text \<open>A polynomial c in the variable u = (t+a)^-1 (with zero constant term, i.e. only
  negative powers of t+a) denotes the element sum_j coeff c j * (t+a)^(-j).\<close>
definition negpart :: "'a::comm_ring_1 \<Rightarrow> 'a poly \<Rightarrow> 'a frac" where
  "negpart a c = ((\<Sum>j\<le>degree c. smult (coeff c j) (lin a ^ (degree c - j))), lin a ^ degree c)"

text \<open>The n-th summand of the decomposition: for n <= d-1 a polynomial in (t+l_n)^-1
  given by its coefficient polynomial c (coefficient of (t+l_n)^-j is coeff c j);
  for n = d a polynomial in t (= polynomial in t^-1 of nonpositive degree),
  the coefficient of t^j = (t^-1)^(-j) being coeff c j.\<close>
definition dpart :: "(nat \<Rightarrow> 'a::comm_ring_1) \<Rightarrow> nat \<Rightarrow> nat \<Rightarrow> 'a poly \<Rightarrow> 'a frac" where
  "dpart l d n c = (if n = d then fpoly c else negpart (l n) c)"

definition is_decomp :: "(nat \<Rightarrow> 'a::comm_ring_1) \<Rightarrow> nat \<Rightarrow> 'a frac \<Rightarrow> (nat \<Rightarrow> 'a poly) \<Rightarrow> bool" where
  "is_decomp l d x P \<longleftrightarrow> (\<forall>n\<in>{1..d-1}. coeff (P n) 0 = 0) \<and>
     frac_eq x (fsum {1..d} (\<lambda>n. dpart l d n (P n)))"

text \<open>Minimal degree of the n-th summand: for n <= d-1 as a polynomial in t+l_n (the term
  coeff c j * (t+l_n)^-j has degree -j); for n = d as a polynomial in t^-1 (the term
  coeff c j * t^j has degree -j). In both cases it is the minimum of -j over the nonzero
  coefficients; the zero summand is given minimal degree 0 by convention.\<close>
definition min_deg :: "'a::zero poly \<Rightarrow> int" where
  "min_deg c = (if c = 0 then 0 else Min {- int j | j. coeff c j \<noteq> 0})"

definition invertible_el :: "'a::comm_ring_1 \<Rightarrow> bool" where
  "invertible_el x \<longleftrightarrow> (\<exists>u. x * u = 1)"

end

theory Submission
  imports Defs
begin

text \<open>Let \<open>S\<^sub>R = R\<^sub>1 + \<dots> + R\<^sub>d\<close> and \<open>S\<^sub>Q = Q\<^sub>1 + \<dots> + Q\<^sub>d\<close>; the hypotheses say
  \<open>b + S\<^sub>R = (t + l\<^sub>i) S\<^sub>Q\<close>. For \<open>n < d\<close> the pole order of \<open>S\<^sub>R\<close> at \<open>t + l\<^sub>n\<close> is the
  degree of \<open>R\<^sub>n\<close> in \<open>(t + l\<^sub>n)\<^sup>-\<^sup>1\<close>, because the other summands are regular there and
  \<open>t + l\<^sub>n\<close> does not divide the numerator of \<open>R\<^sub>n\<close>. Multiplication by \<open>t + l\<^sub>i\<close>, a unit
  at every \<open>t + l\<^sub>n\<close> with \<open>n \<noteq> i\<close>, lowers the pole order at \<open>t + l\<^sub>i\<close> by one and keeps
  the others. The polynomial parts satisfy \<open>(t + l\<^sub>i) Q\<^sub>d = R\<^sub>d + const\<close>, so the degree
  in \<open>t\<close> drops by one from \<open>R\<^sub>d\<close> to \<open>Q\<^sub>d\<close>.\<close>

lemma monic_nonzero: "monic p \<Longrightarrow> p \<noteq> (0::'a::comm_ring_1 poly)"
  by auto

lemma monic_mult_comm_ring:
  fixes p q :: "'a::comm_ring_1 poly"
  assumes "monic p" "monic q"
  shows "monic (p * q)"
  using degree_monic_mult[OF assms(1) monic_nonzero[OF assms(2)]] lcoeff_monic_mult[OF assms(1)] assms(2)
  by simp

lemma monic_power_comm_ring: "monic p \<Longrightarrow> monic (p ^ k :: 'a::comm_ring_1 poly)"
  by (induction k) (simp_all add: monic_mult_comm_ring)

lemma monic_prod_comm_ring:
  "(\<And>x. x \<in> A \<Longrightarrow> monic (f x)) \<Longrightarrow> monic (prod f A :: 'a::comm_ring_1 poly)"
  by (induction A rule: infinite_finite_induct) (simp_all add: monic_mult_comm_ring)

lemma monic_mult_eq_0_iff: "monic p \<Longrightarrow> p * x = 0 \<longleftrightarrow> x = (0::'a::comm_ring_1 poly)"
  using lcoeff_monic_mult[of p x] by fastforce

lemma monic_mult_left_cancel: "monic p \<Longrightarrow> p * x = p * y \<longleftrightarrow> x = (y::'a::comm_ring_1 poly)"
  using monic_mult_eq_0_iff[of p "x - y"] by (auto simp: right_diff_distrib)

lemma monic_dvd_mult_cancel_left:
  fixes p x y :: "'a::comm_ring_1 poly"
  assumes "monic p" "p * x dvd p * y"
  shows "x dvd y"
proof -
  obtain k where "p * y = p * (x * k)" using assms(2) by (auto simp: mult.assoc elim: dvdE)
  thus ?thesis using monic_mult_left_cancel[OF assms(1)] by auto
qed

lemma monic_lin: "monic (lin a)"
  by (simp add: lin_def)

lemma degree_lin [simp]: "degree (lin a) = 1"
  by (simp add: lin_def)

lemma monic_lin_power: "monic (lin a ^ k)"
  by (rule monic_power_comm_ring[OF monic_lin])

lemma degree_lin_power [simp]: "degree (lin a ^ k) = k"
proof (induction k)
  case (Suc k)
  show ?case
    using degree_monic_mult[OF monic_lin monic_nonzero[OF monic_lin_power], of a a k] Suc by simp
qed simp

lemma lin_dvd_const_iff: "lin a dvd [:c:] \<longleftrightarrow> c = (0::'a::comm_ring_1)"
proof
  assume "lin a dvd [:c:]"
  then obtain k where k: "[:c:] = lin a * k" by (auto elim: dvdE)
  have "k = 0"
  proof (rule ccontr)
    assume "k \<noteq> 0"
    hence "degree (lin a * k) = 1 + degree k" by (simp add: degree_monic_mult[OF monic_lin])
    thus False using k by (metis degree_pCons_0 add_is_0 one_neq_zero)
  qed
  thus "c = 0" using k by simp
qed simp

definition bezout_coprime :: "'a::comm_ring_1 \<Rightarrow> 'a \<Rightarrow> bool" where
  "bezout_coprime x y \<longleftrightarrow> (\<exists>u v. u * x + v * y = 1)"

lemma bezout_coprime_commute: "bezout_coprime x y \<longleftrightarrow> bezout_coprime y x"
  unfolding bezout_coprime_def by (metis add.commute)

lemma bezout_coprime_1_left [simp]: "bezout_coprime 1 y"
  unfolding bezout_coprime_def by (rule exI[of _ 1], rule exI[of _ 0]) simp

lemma bezout_coprime_mult_left:
  assumes "bezout_coprime x z" "bezout_coprime y z"
  shows "bezout_coprime (x * y) z"
proof -
  obtain u v u' v' where e: "u * x + v * z = 1" "u' * y + v' * z = 1"
    using assms by (auto simp: bezout_coprime_def)
  have "(u * u') * (x * y) + (u * x * v' + v * (u' * y) + v * v' * z) * z
      = (u * x + v * z) * (u' * y + v' * z)"
    by (simp add: algebra_simps)
  thus ?thesis using e unfolding bezout_coprime_def by auto
qed

lemma bezout_coprime_power_left: "bezout_coprime x z \<Longrightarrow> bezout_coprime (x ^ k) z"
  by (induction k) (simp_all add: bezout_coprime_mult_left)

lemma bezout_coprime_power_right: "bezout_coprime x z \<Longrightarrow> bezout_coprime x (z ^ k)"
  using bezout_coprime_power_left bezout_coprime_commute by metis

lemma bezout_coprime_prod_left:
  "(\<And>a. a \<in> A \<Longrightarrow> bezout_coprime (f a) z) \<Longrightarrow> bezout_coprime (prod f A) z"
  by (induction A rule: infinite_finite_induct) (simp_all add: bezout_coprime_mult_left)

lemma bezout_coprime_dvd_mult_right:
  assumes "bezout_coprime x z" "z dvd x * y"
  shows "z dvd y"
proof -
  obtain u v k where e: "u * x + v * z = 1" "x * y = z * k"
    using assms by (auto simp: bezout_coprime_def elim!: dvdE)
  have "y = (u * x + v * z) * y" using e by simp
  also have "\<dots> = u * (x * y) + z * (v * y)" by (simp add: algebra_simps)
  also have "\<dots> = z * (u * k + v * y)" using e(2) by (simp add: algebra_simps)
  finally show ?thesis by (rule dvdI)
qed

lemma bezout_coprime_lin:
  assumes "invertible_el (a - c)"
  shows "bezout_coprime (lin a) (lin c)"
proof -
  obtain w where w: "(a - c) * w = 1" using assms by (auto simp: invertible_el_def)
  have "[:w:] * lin a + (- [:w:]) * lin c = [:(a - c) * w:]"
    by (simp add: lin_def algebra_simps)
  thus ?thesis using w unfolding bezout_coprime_def by (metis one_pCons)
qed

lemma monic_power_dvd_diff_imp_dvd:
  fixes p U V :: "'a::comm_ring_1 poly"
  assumes p: "monic p" and dv: "p ^ (k + j) dvd p ^ k * U - p ^ (k + i) * V"
    and "0 < j" "0 < i"
  shows "p dvd U"
proof -
  have "p ^ k * p ^ j dvd p ^ k * (U - p ^ i * V)"
    using dv by (simp add: power_add algebra_simps)
  hence "p ^ j dvd U - p ^ i * V"
    by (rule monic_dvd_mult_cancel_left[OF monic_power_comm_ring[OF p]])
  hence "p dvd U - p ^ i * V"
    using \<open>0 < j\<close> dvd_trans dvd_power by blast
  moreover have "p dvd p ^ i * V" using \<open>0 < i\<close> by simp
  ultimately show ?thesis using dvd_add by fastforce
qed

text \<open>The hypothesis says that \<open>X / p\<^sup>a\<close> and \<open>p\<^sup>e Y / p\<^sup>b\<close> differ by a
  \<open>p\<close>-integral element; as \<open>p\<close> divides neither numerator, their pole orders
  \<open>a\<close> and \<open>b - e\<close> agree.\<close>
lemma monic_power_dvd_diff_exponent_eq:
  fixes p X Y :: "'a::comm_ring_1 poly"
  assumes p: "monic p"
    and dv: "p ^ (a + b) dvd p ^ b * X - p ^ (a + e) * Y"
    and X: "0 < a \<Longrightarrow> \<not> p dvd X" and Y: "0 < b \<Longrightarrow> \<not> p dvd Y"
    and e: "e = 0 \<or> 0 < a"
  shows "b = a + e"
proof (rule linorder_cases)
  assume lt: "b < a + e"
  with e have "0 < a" by auto
  moreover have "p ^ (b + a) dvd p ^ b * X - p ^ (b + (a + e - b)) * Y"
    using dv lt by (simp add: add.commute)
  ultimately have "p dvd X"
    using lt by (intro monic_power_dvd_diff_imp_dvd[OF p, of b a X "a + e - b" Y]) auto
  thus ?thesis using X \<open>0 < a\<close> by blast
next
  assume gt: "a + e < b"
  have "p ^ (a + b) dvd p ^ (a + e) * Y - p ^ b * X"
    using dv by (metis dvd_minus_iff minus_diff_eq)
  hence "p ^ ((a + e) + (b - e)) dvd p ^ (a + e) * Y - p ^ ((a + e) + (b - a - e)) * X"
    using gt by (simp add: algebra_simps)
  hence "p dvd Y"
    using gt by (intro monic_power_dvd_diff_imp_dvd[OF p, of "a + e" "b - e" Y "b - a - e" X]) auto
  thus ?thesis using Y gt by simp
qed

lemma sum_eq_0_or_degree_less:
  fixes f :: "'b \<Rightarrow> 'a::comm_ring_1 poly"
  assumes "\<And>x. x \<in> S \<Longrightarrow> f x = 0 \<or> degree (f x) < k"
  shows "sum f S = 0 \<or> degree (sum f S) < k"
  using assms
proof (induction S rule: infinite_finite_induct)
  case (insert x F)
  hence "f x = 0 \<or> degree (f x) < k" "sum f F = 0 \<or> degree (sum f F) < k" by simp_all
  thus ?case
    using degree_add_le_max[of "f x" "sum f F"] insert.hyps by (auto simp: max_def split: if_splits)
qed auto

lemma fsum_remove:
  assumes "finite A" "n \<in> A"
  shows "fst (fsum A f) = fst (f n) * (\<Prod>m\<in>A - {n}. snd (f m))
      + snd (f n) * (\<Sum>k\<in>A - {n}. fst (f k) * (\<Prod>m\<in>A - {k} - {n}. snd (f m)))"
    and "snd (fsum A f) = snd (f n) * (\<Prod>m\<in>A - {n}. snd (f m))"
proof -
  have "(\<Prod>m\<in>A - {k}. snd (f m)) = snd (f n) * (\<Prod>m\<in>A - {k} - {n}. snd (f m))"
    if "k \<in> A - {n}" for k
    using assms that by (subst prod.remove[of _ n]) auto
  hence "(\<Sum>k\<in>A - {n}. fst (f k) * (\<Prod>m\<in>A - {k}. snd (f m)))
      = snd (f n) * (\<Sum>k\<in>A - {n}. fst (f k) * (\<Prod>m\<in>A - {k} - {n}. snd (f m)))"
    by (simp add: sum_distrib_left algebra_simps)
  thus "fst (fsum A f) = fst (f n) * (\<Prod>m\<in>A - {n}. snd (f m))
      + snd (f n) * (\<Sum>k\<in>A - {n}. fst (f k) * (\<Prod>m\<in>A - {k} - {n}. snd (f m)))"
    unfolding fsum_def using assms by (simp add: sum.remove)
  show "snd (fsum A f) = snd (f n) * (\<Prod>m\<in>A - {n}. snd (f m))"
    unfolding fsum_def using assms by (simp add: prod.remove)
qed

lemma min_deg_eq_neg_degree: "min_deg c = - int (degree c)"
proof (cases "c = 0")
  case False
  let ?S = "{- int j | j. coeff c j \<noteq> 0}"
  have "?S \<subseteq> (\<lambda>j. - int j) ` {..degree c}" using le_degree by fastforce
  hence "finite ?S" by (rule finite_subset) simp
  moreover have "- int (degree c) \<in> ?S" using False by auto
  moreover have "\<forall>x\<in>?S. - int (degree c) \<le> x" using le_degree by fastforce
  ultimately have "Min ?S = - int (degree c)" by (intro Min_eqI) auto
  thus ?thesis using False by (simp add: min_deg_def)
qed (simp add: min_deg_def)

lemma snd_negpart [simp]: "snd (negpart a c) = lin a ^ degree c"
  by (simp add: negpart_def)

text \<open>The numerator of \<open>negpart a c\<close> is \<open>c\<close> with reversed coefficients, written in
  powers of \<open>t + a\<close>; reduced modulo \<open>t + a\<close> only the leading coefficient survives.\<close>
lemma negpart_numerator_mod_lin:
  "\<exists>Z. fst (negpart a c) = [:lead_coeff c:] + lin a * Z"
proof (cases "degree c")
  case 0
  thus ?thesis unfolding negpart_def by (intro exI[of _ 0]) (simp add: one_pCons)
next
  case (Suc k)
  have "fst (negpart a c)
      = lin a * (\<Sum>j\<le>k. smult (coeff c j) (lin a ^ (k - j))) + [:coeff c (Suc k):]"
    unfolding negpart_def using Suc
    by (simp add: sum_distrib_left Suc_diff_le mult_smult_right one_pCons)
  thus ?thesis using Suc by (metis add.commute)
qed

+++

Copy out only the lines above from the one with "text \<open>Let \<open>S\<^sub>R" to the one with "the others. The", inclusive, exactly as they stand.

_ANSWER TO THIS TASK_
text \<open>Let \<open>S\<^sub>R = R\<^sub>1 + \<dots> + R\<^sub>d\<close> and \<open>S\<^sub>Q = Q\<^sub>1 + \<dots> + Q\<^sub>d\<close>; the hypotheses say
  \<open>b + S\<^sub>R = (t + l\<^sub>i) S\<^sub>Q\<close>. For \<open>n < d\<close> the pole order of \<open>S\<^sub>R\<close> at \<open>t + l\<^sub>n\<close> is the
  degree of \<open>R\<^sub>n\<close> in \<open>(t + l\<^sub>n)\<^sup>-\<^sup>1\<close>, because the other summands are regular there and
  \<open>t + l\<^sub>n\<close> does not divide the numerator of \<open>R\<^sub>n\<close>. Multiplication by \<open>t + l\<^sub>i\<close>, a unit
  at every \<open>t + l\<^sub>n\<close> with \<open>n \<noteq> i\<close>, lowers the pole order at \<open>t + l\<^sub>i\<close> by one and keeps
  the others. The polynomial parts satisfy \<open>(t + l\<^sub>i) Q\<^sub>d = R\<^sub>d + const\<close>, so the degree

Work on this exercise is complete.